Task description »
Only the lines that hold "modelled" should be in the answer, each copied from the data below.

= = = =

(* In the setting described in the context, there is a one-to-one correspondence between complex structures $J$ on $L$ (as defined in the context) and symmetric bilinear forms $\Omega:Q\times Q\to\mathbb{C}$ with positive definite real part, given by assigning to $J$ the form $$\Omega_J(\phi,\phi')=g_J(j_J(\phi),j_J(\phi'))-\mathrm{i}\,[j_J(\phi),\phi'],\qquad\phi,\phi'\in Q.$$ That is, $J\mapsto\Omega_J$ is a bijection from the set of complex structures on $L$ onto the set of symmetric bilinear forms $Q\times Q\to\mathbb{C}$ with positive definite real part.
   Context: $L$ is a finite-dimensional real vector space and $[\cdot,\cdot]:L\times L\to\mathbb{R}$ is a bilinear form such that $\omega(\xi,\xi')=\frac12[\xi,\xi']-\frac12[\xi',\xi]$ is non-degenerate. Set $M=\{\tau\in L:[\xi,\tau]=0\ \forall\xi\in L\}$ and $N=\{\tau\in L:[\tau,\xi]=0\ \forall\xi\in L\}$, and assume $L=M\oplus N$. Let $Q=L/M$ with quotient map $q:L\to Q$; $[\cdot,\cdot]$ descends to $L\times Q\to\mathbb{R}$. A complex structure on $L$ is a linear map $J:L\to L$ with $J^2=-\mathrm{id}$, $\omega(J\xi,J\tau)=\omega(\xi,\tau)$ for all $\xi,\tau$, and such that $g_J(\tau,\xi):=2\omega(\tau,J\xi)$ is positive definite. For such $J$, $j_J:Q\to L$ is the unique linear map with $q\circ j_J=\mathrm{id}_Q$ and $j_J(Q)\subseteq JM$. *)

theory Defs
  imports "HOL-Analysis.Analysis"
begin

text \<open>L is modelled as a type of class euclidean_space (a finite-dimensional real
vector space; the inner product is never used). The bilinear form [.,.] is B.\<close>

definition omg :: "('a \<Rightarrow> 'a \<Rightarrow> real) \<Rightarrow> 'a \<Rightarrow> 'a \<Rightarrow> real" where
  "omg B x y = B x y / 2 - B y x / 2"

definition Mset :: "('a \<Rightarrow> 'a \<Rightarrow> real) \<Rightarrow> 'a set" where
  "Mset B = {\<tau>. \<forall>\<xi>. B \<xi> \<tau> = 0}"

definition Nset :: "('a \<Rightarrow> 'a \<Rightarrow> real) \<Rightarrow> 'a set" where
  "Nset B = {\<tau>. \<forall>\<xi>. B \<tau> \<xi> = 0}"

definition gJ :: "('a \<Rightarrow> 'a \<Rightarrow> real) \<Rightarrow> ('a \<Rightarrow> 'a) \<Rightarrow> 'a \<Rightarrow> 'a \<Rightarrow> real" where
  "gJ B J \<tau> \<xi> = 2 * omg B \<tau> (J \<xi>)"
(* Let $f:\mathbb{C}\to\mathbb{C}$ be a transcendental entire function, regarded as a continuous open-dense defined map $f:\mathbb{P}^1\dashrightarrow\mathbb{P}^1$ with domain $\mathbb{C}$, and let $\infty$ denote the point at infinity. Let $\mu_X$ be the positive strong submeasure $\mu_X(\varphi)=\max_{\mathbb{P}^1}\varphi$. Then $f_*(\delta_\infty)=\mu_X$ and $f_*(\mu_X)=\mu_X$. More generally, if $\mu=\mu_0+a\delta_\infty$ is a finite positive Borel measure on $\mathbb{P}^1$ with $\mu_0(\{\infty\})=0$ and $a\ge0$, then $f_*(\mu)(\varphi)=\int_{\mathbb{C}}\varphi\circ f\,d\mu_0+a\max_{\mathbb{P}^1}\varphi$ for all $\varphi\in C^0(\mathbb{P}^1)$, i.e. $f_*(\mu)=f_*(\mu_0)+a\mu_X$.
   Context: For a continuous open-dense defined map $f$ (a continuous map defined on an open dense subset $U$ of a compact metric space $X$, here $U=\mathbb{C}\subset X=\mathbb{P}^1$) and $\varphi\in C^0(X)$, $f^*(\varphi)=E(\varphi\circ f)$, equal to $\varphi\circ f$ on $U$ and to $\limsup_{y\in U,y\to x}\varphi(f(y))$ for $x\notin U$. For a positive strong submeasure $\mu$ (sub-linear, bounded, non-decreasing map $C^0(X)\to\mathbb{R}$, e.g. a finite positive Borel measure), $f_*(\mu)(\varphi)=\inf\{\mu(\psi):\psi\in C^0(X),\psi\ge f^*(\varphi)\}$. *)

theory Defs
  imports "HOL-Probability.Probability"
begin

text \<open>The Riemann sphere P^1 is modelled as the unit sphere S2 in R^3,
  with the point at infinity the north pole; C is embedded by inverse
  stereographic projection sph, with inverse chart on S2 - {north}.\<close>

type_synonym R3 = "real \<times> real \<times> real"

definition S2 :: "R3 set" where
  "S2 = sphere 0 1"

definition north :: R3 where
  "north = (0, 0, 1)"

definition sph :: "complex \<Rightarrow> R3" where
  "sph z = (2 * Re z / (1 + (cmod z)\<^sup>2), 2 * Im z / (1 + (cmod z)\<^sup>2),
            ((cmod z)\<^sup>2 - 1) / ((cmod z)\<^sup>2 + 1))"

definition chart :: "R3 \<Rightarrow> complex" where
  "chart p = Complex (fst p) (fst (snd p)) / complex_of_real (1 - snd (snd p))"

definition pullback :: "(complex \<Rightarrow> complex) \<Rightarrow> (R3 \<Rightarrow> real) \<Rightarrow> R3 \<Rightarrow> real" where
  "pullback f \<phi> x =
     (if x = north
      then real_of_ereal (Limsup (at north within (S2 - {north}))
                                 (\<lambda>y. ereal (\<phi> (sph (f (chart y))))))
      else \<phi> (sph (f (chart x))))"

definition pushforward :: "((R3 \<Rightarrow> real) \<Rightarrow> real) \<Rightarrow> (complex \<Rightarrow> complex) \<Rightarrow> (R3 \<Rightarrow> real) \<Rightarrow> real" where
  "pushforward \<mu> f \<phi> =
     Inf {\<mu> \<psi> | \<psi>. continuous_on S2 \<psi> \<and> (\<forall>x\<in>S2. pullback f \<phi> x \<le> \<psi> x)}"

definition muX :: "(R3 \<Rightarrow> real) \<Rightarrow> real" where
  "muX \<phi> = Sup (\<phi> ` S2)"

definition borelS2 :: "R3 measure" where
  "borelS2 = restrict_space borel S2"

definition transcendental_entire :: "(complex \<Rightarrow> complex) \<Rightarrow> bool" where
  "transcendental_entire f \<longleftrightarrow> f holomorphic_on UNIV \<and> \<not> (\<exists>p. \<forall>z. f z = poly p z)"

end

theory Submission
  imports Defs "HOL-Complex_Analysis.Great_Picard"
begin

text \<open>By Casorati--Weierstrass at the essential singularity \<open>\<infinity>\<close>, near \<open>\<infinity>\<close> the transcendental
  entire function f comes arbitrarily close to every value, so the limsup defining \<open>f\<^sup>*\<phi>\<close>
  at \<open>\<infinity>\<close> is \<open>max \<phi>\<close>: the function \<open>f\<^sup>*\<phi>\<close>, continuous off \<open>\<infinity>\<close>, attains its maximum at \<open>\<infinity>\<close>.
  Interpolating between \<open>f\<^sup>*\<phi>\<close> and \<open>max \<phi>\<close> with cutoffs shrinking to \<open>\<infinity>\<close> gives continuous
  majorants converging pointwise to \<open>f\<^sup>*\<phi>\<close>, so by dominated convergence the infimum of
  \<open>\<integral>\<psi> d\<mu>\<close> over continuous majorants \<open>\<psi>\<close> of \<open>f\<^sup>*\<phi>\<close> is \<open>\<integral>f\<^sup>*\<phi> d\<mu>\<close>, which for \<open>\<mu> = \<mu>\<^sub>0 + a\<delta>\<^sub>\<infinity>\<close>
  is \<open>\<integral>\<^sub>\<complex> \<phi>\<circ>f d\<mu>\<^sub>0 + a max \<phi>\<close>. For \<open>\<delta>\<^sub>\<infinity>\<close> and \<open>\<mu>\<^sub>X\<close> every majorant is at least \<open>max \<phi>\<close> at \<open>\<infinity>\<close>,
  and the constant \<open>max \<phi>\<close> is a majorant.\<close>

lemma borel_measurable_continuous_off_point:
  fixes G :: "'a::metric_space \<Rightarrow> 'b::metric_space"
  assumes "S \<in> sets borel" "continuous_on (S - {p}) G"
  shows "G \<in> borel_measurable (restrict_space borel S)"
proof -
  have "(\<lambda>x. if x = p then G p else G x) \<in> borel_measurable (restrict_space borel S)"
  proof (subst measurable_If_restrict_space_iff)
    show "{x \<in> space (restrict_space borel S). x = p} \<in> sets (restrict_space borel S)"
      by (auto simp: sets_restrict_space space_restrict_space intro!: image_eqI[of _ _ "{p}"])
    have "{x. x \<noteq> p} = - {p}" by auto
    then have "restrict_space (restrict_space borel S) {x. x \<noteq> p} = restrict_space borel (S - {p})"
      using assms(1) by (simp add: restrict_restrict_space Diff_eq)
    then show "(\<lambda>x. G p) \<in> borel_measurable (restrict_space (restrict_space borel S) {x. x = p}) \<and>
        G \<in> borel_measurable (restrict_space (restrict_space borel S) {x. x \<noteq> p})"
      using borel_measurable_continuous_on_restrict[OF assms(2)] by simp
  qed
  moreover have "(\<lambda>x. if x = p then G p else G x) = G"
    by auto
  ultimately show ?thesis
    by simp
qed

lemma continuous_on_interpolate_near_point:
  fixes G :: "'a::metric_space \<Rightarrow> real"
  assumes S: "closed S" and G: "continuous_on (S - {p}) G" and t: "continuous_on S t"
    and r: "r > 0" and near: "\<And>x. x \<in> S \<Longrightarrow> dist x p \<le> r \<Longrightarrow> t x = 1"
  shows "continuous_on S (\<lambda>x. (1 - t x) * G x + t x * c)"
proof -
  define A where "A = S \<inter> {x. r \<le> dist x p}"
  define C where "C = S \<inter> cball p r"
  have "continuous_on A (\<lambda>x. (1 - t x) * G x + t x * c)"
    using r by (intro continuous_intros continuous_on_subset[OF t] continuous_on_subset[OF G])
      (auto simp: A_def)
  moreover have "continuous_on C (\<lambda>x. (1 - t x) * G x + t x * c)"
    using near by (intro continuous_on_cong[THEN iffD1, OF refl _ continuous_on_const[of C c]])
      (simp add: C_def dist_commute)
  moreover have "closed A" "closed C"
    unfolding A_def C_def by (intro closed_Int S closed_Collect_le closed_cball continuous_intros)+
  moreover have "A \<union> C = S"
    by (auto simp: A_def C_def dist_commute)
  ultimately show ?thesis
    using continuous_on_closed_Un by metis
qed
(* Fix $\eta\in(0,1/3)$. There is a constant $c>0$ depending only on $\eta$ such that the following holds. Let $N,P\ge 2$ be integers and let $\boldsymbol a\in\mathbb Z^N$, $\boldsymbol\phi_0,\boldsymbol\phi_1\in\mathbb Z^P$ be such that, with $\overline{a_{n\cdot}}=a_{n\cdot}/(2P)$, $f_{p,0}=\phi_{p,0}/(2N)$, $f_{p,1}=\phi_{p,1}/(2N)$, one has $\overline{a_{n\cdot}}\in[\eta,1-\eta]$ for all $n\in[N]$ and $f_{p,0},f_{p,1}\ge\eta$, $f_{p,0}+f_{p,1}\le 1-\eta$ for all $p\in[P]$. If exactly one of the two statements "$|\mathscr A_1(N,P;\boldsymbol a)|>|\mathscr A_2(N,P;\boldsymbol\phi_0,\boldsymbol\phi_1)|$" and "$H_1-H_2+\overline f>0$" holds, then $$H_1-H_2+\overline f\in\left(-c\left(\frac{\log N}{N}+\frac{\log P}{P}\right),\ c\left(\frac{\log N}{N}+\frac{\log P}{P}\right)\right].$$
   Context: Let $N,P$ be positive integers. An admixed array is a pair $[\mathbf A,\mathbf X]$ of matrices $\mathbf A=(A_{nj}),\mathbf X=(X_{nj})\in\{0,1\}^{N\times 2P}$; for $p\in[P]$, columns $p$ and $P+p$ form the $p$th locus. The row local ancestry tally of row $n$ is $A_{n\cdot}=\sum_{j=1}^{2P}A_{nj}$. The ancestry-specific allele dosages of locus $p$ are $\Phi_{p,0}=\sum_{n=1}^N[(1-A_{np})X_{np}+(1-A_{n(P+p)})X_{n(P+p)}]$ and $\Phi_{p,1}=\sum_{n=1}^N[A_{np}X_{np}+A_{n(P+p)}X_{n(P+p)}]$. $\mathscr A_1(N,P;\boldsymbol a)$ is the set of admixed arrays with $A_{n\cdot}=a_{n\cdot}$ for all $n$; $\mathscr A_2(N,P;\boldsymbol\phi_0,\boldsymbol\phi_1)$ is the set of admixed arrays with $\Phi_{p,0}=\phi_{p,0}$, $\Phi_{p,1}=\phi_{p,1}$ for all $p$. $\log$ is base 2. For a probability vector $(z_1,\ldots,z_I)$, $H(z_1,\ldots,z_I)=\sum_i z_i\log(1/z_i)$ (binary Shannon entropy). Define $H_1=\frac1N\sum_{n=1}^N H(\overline{a_{n\cdot}},1-\overline{a_{n\cdot}})$, $H_2=\frac1P\sum_{p=1}^P H(f_{p,0},f_{p,1},1-f_{p,0}-f_{p,1})$, and $\overline f=\frac1P\sum_{p=1}^P(f_{p,0}+f_{p,1})$. *)

theory Defs
  imports Complex_Main "HOL-Library.FuncSet"
begin
text \<open>Jordan_Normal_Form's \<open>vec_index\<close> and \<open>diag_mat\<close> clash with \<open>vec_nth\<close> and
  \<open>Defs.diag_mat\<close> used in the statement; vector indexing of the former is written \<open>$.\<close>\<close>

no_notation Matrix.vec_index (infixl \<open>$\<close> 100)
notation Matrix.vec_index (infixl \<open>$.\<close> 100)
hide_const (open) Matrix.diag_mat

lemma convex_unit_cube: "convex unit_cube"
proof -
  have "{t::real. 0 \<le> t \<and> t \<le> 1} = {0..1}" by auto
  then show ?thesis unfolding unit_cube_def by (intro convex_box_cart) simp
qed

lemma diag_mat_mult_nth: "(diag_mat x ** M) $ i $ j = x $ i * M $ i $ j"
  by (simp add: Defs.diag_mat_def matrix_matrix_mult_def if_distrib[of "\<lambda>a. a * _"] cong: if_cong)

lemma partial_derivatives_nonneg_imp_mono:
  fixes f :: "real^'n \<Rightarrow> real"
  assumes S: "convex S"
    and der: "\<And>x. x \<in> S \<Longrightarrow> (f has_derivative f' x) (at x within S)"
    and partial_nonneg: "\<And>x k. x \<in> S \<Longrightarrow> 0 \<le> f' x (axis k 1)"
    and "x \<in> S" "z \<in> S" and le: "\<And>k. x $ k \<le> z $ k"
  shows "f x \<le> f z"
proof -
  define p where "p t = x + t *\<^sub>R (z - x)" for t :: real
  have p_in: "p ` {0..1} \<subseteq> S"
  proof
    fix y assume "y \<in> p ` {0..1}"
    then obtain t where "t \<in> {0..1}" "y = (1 - t) *\<^sub>R x + t *\<^sub>R z"
      by (auto simp: p_def algebra_simps)
    then show "y \<in> S" using convexD_alt[OF S \<open>x \<in> S\<close> \<open>z \<in> S\<close>] by auto
  qed
  have path_der: "((\<lambda>t. f (p t)) has_derivative (\<lambda>h. f' (p t) (h *\<^sub>R (z - x)))) (at t within {0..1})"
    if "t \<in> {0..1}" for t
  proof (rule has_derivative_in_compose2[OF der p_in that])
    show "(p has_derivative (\<lambda>h. h *\<^sub>R (z - x))) (at t within {0..1})"
      unfolding p_def by (auto intro!: derivative_eq_intros)
  qed
  then obtain t where t: "t \<in> {0..1}" and mvt: "f (p 1) - f (p 0) = f' (p t) (z - x)"
    using mvt_very_simple[of 0 1 "\<lambda>t. f (p t)", OF _ path_der] by auto
  have "p t \<in> S" using p_in t by blast
  interpret linear "f' (p t)"
    using der[THEN has_derivative_linear] \<open>p t \<in> S\<close> .
  have "f' (p t) (z - x) = f' (p t) (\<Sum>k\<in>UNIV. (z - x) $ k *\<^sub>R axis k 1)"
    using basis_expansion[of "z - x"] by (simp only: scalar_mult_eq_scaleR)
  also have "\<dots> = (\<Sum>k\<in>UNIV. (z - x) $ k * f' (p t) (axis k 1))"
    by (simp only: sum scale real_scaleR_def)
  also have "\<dots> \<ge> 0"
    using le partial_nonneg[OF \<open>p t \<in> S\<close>] by (intro sum_nonneg mult_nonneg_nonneg) auto
  finally show ?thesis using mvt by (simp add: p_def)
qed

lemma diag_mat_mult_entry_mono:
  fixes B :: "real^'n \<Rightarrow> real^'m^'n"
  assumes S: "convex S" and S_nonneg: "\<And>x i. x \<in> S \<Longrightarrow> 0 \<le> x $ i"
    and B_deriv: "\<And>x. x \<in> S \<Longrightarrow> (B has_derivative B' x) (at x within S)"
    and diag: "\<And>x i j. x \<in> S \<Longrightarrow> 0 \<le> B x $ i $ j + x $ i * B' x (axis i 1) $ i $ j"
    and offdiag: "\<And>x i j k. x \<in> S \<Longrightarrow> k \<noteq> i \<Longrightarrow> 0 \<le> B' x (axis k 1) $ i $ j"
    and "x \<in> S" "z \<in> S" "\<And>k. x $ k \<le> z $ k"
  shows "(diag_mat x ** B x) $ i $ j \<le> (diag_mat z ** B z) $ i $ j"
proof -
  have "x $ i * B x $ i $ j \<le> z $ i * B z $ i $ j"
  proof (rule partial_derivatives_nonneg_imp_mono[OF S _ _ \<open>x \<in> S\<close> \<open>z \<in> S\<close>])
    fix y assume "y \<in> S"
    have "((\<lambda>y. y $ i) has_derivative (\<lambda>u. u $ i)) (at y within S)"
      by (rule bounded_linear_imp_has_derivative[OF bounded_linear_vec_nth])
    moreover have "((\<lambda>y. B y $ i $ j) has_derivative (\<lambda>u. B' y u $ i $ j)) (at y within S)"
      using B_deriv[OF \<open>y \<in> S\<close>]
      by (intro bounded_linear.has_derivative[OF bounded_linear_vec_nth])
    ultimately show "((\<lambda>y. y $ i * B y $ i $ j) has_derivative
        (\<lambda>u. y $ i * B' y u $ i $ j + u $ i * B y $ i $ j)) (at y within S)"
      by (rule has_derivative_mult)
    show "0 \<le> y $ i * B' y (axis k 1) $ i $ j + axis k 1 $ i * B y $ i $ j" for k
      using diag[OF \<open>y \<in> S\<close>] offdiag[OF \<open>y \<in> S\<close>] S_nonneg[OF \<open>y \<in> S\<close>]
      by (cases "k = i") (simp_all add: add.commute axis_def)
  qed (use assms in auto)
  then show ?thesis by (simp add: diag_mat_mult_nth)
qed

abbreviation complex_mat :: "real mat \<Rightarrow> complex mat" where
  "complex_mat \<equiv> map_mat complex_of_real"

lemma index_mult_mat_vec_sum:
  assumes "A \<in> carrier_mat n n" "v \<in> carrier_vec n" "i < n"
  shows "(A *\<^sub>v v) $. i = (\<Sum>j<n. A $$ (i,j) * v $. j)"
  using assms by (simp add: scalar_prod_def atLeast0LessThan)

lemma power_mat_nonneg:
  fixes T :: "real mat"
  assumes T: "T \<in> carrier_mat n n" and T_nonneg: "\<And>i j. i < n \<Longrightarrow> j < n \<Longrightarrow> 0 \<le> T $$ (i,j)"
    and "i < n" "j < n"
  shows "0 \<le> (T ^\<^sub>m k) $$ (i,j)"
  using \<open>i < n\<close> \<open>j < n\<close>
proof (induction k arbitrary: i j)
  case 0
  then show ?case using T by auto
next
  case (Suc k)
  have "(T ^\<^sub>m Suc k) $$ (i,j) = (\<Sum>l<n. (T ^\<^sub>m k) $$ (i,l) * T $$ (l,j))"
    using Suc.prems T by (simp add: scalar_prod_def atLeast0LessThan)
  also have "\<dots> \<ge> 0" using Suc T_nonneg by (intro sum_nonneg mult_nonneg_nonneg) auto
  finally show ?case .
qed

lemma power_mat_mult_vec_ge:
  fixes T :: "real mat"
  assumes T: "T \<in> carrier_mat n n" and T_nonneg: "\<And>i j. i < n \<Longrightarrow> j < n \<Longrightarrow> 0 \<le> T $$ (i,j)"
    and w: "w \<in> carrier_vec n" and "0 \<le> q"
    and ge: "\<And>i. i < n \<Longrightarrow> q * w $. i \<le> (T *\<^sub>v w) $. i"
    and "i < n"
  shows "q ^ k * w $. i \<le> (T ^\<^sub>m k *\<^sub>v w) $. i"
  using \<open>i < n\<close>
proof (induction k arbitrary: i)
  case 0
  then show ?case using w T by simp
next
  case (Suc k)
  have "(T ^\<^sub>m Suc k *\<^sub>v w) $. i = (T ^\<^sub>m k *\<^sub>v (T *\<^sub>v w)) $. i"
    using T w by (simp add: assoc_mult_mat_vec[of _ n n _ n])
  also have "\<dots> = (\<Sum>j<n. (T ^\<^sub>m k) $$ (i,j) * (T *\<^sub>v w) $. j)"
    using Suc.prems T w by (intro index_mult_mat_vec_sum) auto
  also have "\<dots> \<ge> (\<Sum>j<n. (T ^\<^sub>m k) $$ (i,j) * (q * w $. j))"
    using Suc.prems ge power_mat_nonneg[OF T T_nonneg] by (intro sum_mono mult_left_mono) auto
  also have "(\<Sum>j<n. (T ^\<^sub>m k) $$ (i,j) * (q * w $. j)) = q * (T ^\<^sub>m k *\<^sub>v w) $. i"
    using Suc.prems T w
    by (simp add: index_mult_mat_vec_sum[of _ n] sum_distrib_left algebra_simps del: index_mult_mat_vec)
  also have "\<dots> \<ge> q * (q ^ k * w $. i)" using Suc \<open>0 \<le> q\<close> by (intro mult_left_mono) auto
  finally show ?case by (simp add: algebra_simps)
qed

lemma spectral_radius_smult_le:
  fixes A :: "complex mat"
  assumes A: "A \<in> carrier_mat n n" and "0 < n" and "c \<noteq> 0"
  shows "spectral_radius (c \<cdot>\<^sub>m A) \<le> norm c * spectral_radius A"
proof -
  have cA: "c \<cdot>\<^sub>m A \<in> carrier_mat n n" using A by simp
  obtain l where "eigenvalue (c \<cdot>\<^sub>m A) l" and l: "norm l = spectral_radius (c \<cdot>\<^sub>m A)"
    using spectral_radius_mem_max(1)[OF cA \<open>0 < n\<close>] unfolding spectrum_def by auto
  then obtain v where v: "v \<in> carrier_vec n" "v \<noteq> 0\<^sub>v n" and "(c \<cdot>\<^sub>m A) *\<^sub>v v = l \<cdot>\<^sub>v v"
    using A unfolding eigenvalue_def eigenvector_def by auto
  moreover have "(c \<cdot>\<^sub>m A) *\<^sub>v v = c \<cdot>\<^sub>v (A *\<^sub>v v)"
    using A v by (intro eq_vecI) (auto simp: scalar_prod_def sum_distrib_left mult.assoc)
  ultimately have "A *\<^sub>v v = (l / c) \<cdot>\<^sub>v v"
    using \<open>c \<noteq> 0\<close> by (metis smult_smult_assoc one_smult_vec divide_inverse_commute field_class.field_inverse)
  then have "l / c \<in> spectrum A"
    using A v unfolding spectrum_def eigenvalue_def eigenvector_def by auto
  then have "norm (l / c) \<le> spectral_radius A"
    using spectral_radius_mem_max(2)[OF A \<open>0 < n\<close>] by blast
  then show ?thesis
    using l \<open>c \<noteq> 0\<close> by (simp add: norm_divide divide_le_eq mult.commute)
qed

lemma scaled_power_mat_entries_bounded:
  fixes T :: "real mat"
  assumes T: "T \<in> carrier_mat n n" and n: "0 < n" and rho: "spectral_radius (complex_mat T) < s"
  obtains c where "\<And>k i j. i < n \<Longrightarrow> j < n \<Longrightarrow> ((inverse s \<cdot>\<^sub>m T) ^\<^sub>m k) $$ (i,j) \<le> c"
proof -
  let ?T = "inverse s \<cdot>\<^sub>m T"
  have cT: "complex_mat T \<in> carrier_mat n n" and T': "?T \<in> carrier_mat n n"
    using T by simp_all
  have "0 \<le> spectral_radius (complex_mat T)"
    using spectral_radius_mem_max(1)[OF cT n] by auto
  with rho have "0 < s" by linarith
  have "complex_mat ?T = complex_of_real (inverse s) \<cdot>\<^sub>m complex_mat T"
    using T by (intro eq_matI) auto
  then have "spectral_radius (complex_mat ?T) \<le> inverse s * spectral_radius (complex_mat T)"
    using spectral_radius_smult_le[OF cT n, of "complex_of_real (inverse s)"] \<open>0 < s\<close>
    by (simp add: norm_inverse)
  also have "\<dots> < 1"
    using \<open>0 < s\<close> rho by (simp add: field_simps)
  finally obtain c where c: "\<And>k. norm_bound (complex_mat ?T ^\<^sub>m k) c"
    using spectral_radius_jnf_norm_bound_less_1_upper_triangular[of "complex_mat ?T" n] T' by auto
  have "(?T ^\<^sub>m k) $$ (i,j) \<le> c" if "i < n" "j < n" for k i j
  proof -
    have "complex_mat ?T ^\<^sub>m k = complex_mat (?T ^\<^sub>m k)"
      using of_real_hom.mat_hom_pow[OF T', symmetric] .
    then have "norm (complex_of_real ((?T ^\<^sub>m k) $$ (i,j))) \<le> c"
      using c[of k] that T unfolding norm_bound_def by auto
    then show ?thesis by simp
  qed
  then show ?thesis by (rule that)
qed

lemma Collatz_Wielandt_le_spectral_radius:
  fixes S :: "real mat"
  assumes S: "S \<in> carrier_mat n n" and S_nonneg: "\<And>i j. i < n \<Longrightarrow> j < n \<Longrightarrow> 0 \<le> S $$ (i,j)"
    and w: "w \<in> carrier_vec n" "w \<noteq> 0\<^sub>v n" and w_nonneg: "\<And>i. i < n \<Longrightarrow> 0 \<le> w $. i"
    and ge: "\<And>i. i < n \<Longrightarrow> r * w $. i \<le> (S *\<^sub>v w) $. i"
  shows "r \<le> spectral_radius (complex_mat S)"
proof (rule ccontr)
  obtain i0 where i0: "i0 < n" "0 < w $. i0"
    using w w_nonneg by (metis eq_vecI carrier_vecD index_zero_vec(1,2) order_less_le)
  have n: "0 < n" using i0 by auto
  have "0 \<le> spectral_radius (complex_mat S)"
    using spectral_radius_mem_max(1)[of "complex_mat S" n] S n by auto
  moreover assume "\<not> ?thesis"
  ultimately obtain s where "0 < s" "s < r" and rho: "spectral_radius (complex_mat S) < s"
    using dense by (metis le_less_trans not_le)
  define S' where "S' = inverse s \<cdot>\<^sub>m S"
  have S': "S' \<in> carrier_mat n n" using S by (simp add: S'_def)
  have S'_nonneg: "0 \<le> S' $$ (i,j)" if "i < n" "j < n" for i j
    using that S S_nonneg \<open>0 < s\<close> by (simp add: S'_def)
  obtain c where c: "\<And>k i j. i < n \<Longrightarrow> j < n \<Longrightarrow> (S' ^\<^sub>m k) $$ (i,j) \<le> c"
    using scaled_power_mat_entries_bounded[OF S n rho] unfolding S'_def by blast
  define q where "q = r / s"
  have "1 < q" using \<open>0 < s\<close> \<open>s < r\<close> by (simp add: q_def)
  have ge': "q * w $. i \<le> (S' *\<^sub>v w) $. i" if "i < n" for i
  proof -
    have "(S' *\<^sub>v w) $. i = (S *\<^sub>v w) $. i / s"
      using that S w by (simp add: S'_def scalar_prod_def sum_divide_distrib field_simps)
    then show ?thesis using ge[OF that] \<open>0 < s\<close> by (simp add: q_def field_simps)
  qed
  have bound: "q ^ k * w $. i0 \<le> c * (\<Sum>j<n. w $. j)" for k
  proof -
    have "q ^ k * w $. i0 \<le> (S' ^\<^sub>m k *\<^sub>v w) $. i0"
      using power_mat_mult_vec_ge[OF S' S'_nonneg w(1) _ ge' i0(1)] \<open>1 < q\<close> by simp
    also have "\<dots> = (\<Sum>j<n. (S' ^\<^sub>m k) $$ (i0,j) * w $. j)"
      using S' w i0 by (intro index_mult_mat_vec_sum) auto
    also have "\<dots> \<le> (\<Sum>j<n. c * w $. j)"
      using c i0 w_nonneg by (intro sum_mono mult_right_mono) auto
    finally show ?thesis by (simp add: sum_distrib_left)
  qed
  obtain k where "c * (\<Sum>j<n. w $. j) / w $. i0 < q ^ k"
    using real_arch_pow[OF \<open>1 < q\<close>] by blast
  then have "c * (\<Sum>j<n. w $. j) < q ^ k * w $. i0"
    using i0(2) by (simp add: pos_divide_less_eq)
  with bound[of k] show False by simp
qed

= = = =

Completed task »
text \<open>L is modelled as a type of class euclidean_space (a finite-dimensional real
text \<open>The Riemann sphere P^1 is modelled as the unit sphere S2 in R^3,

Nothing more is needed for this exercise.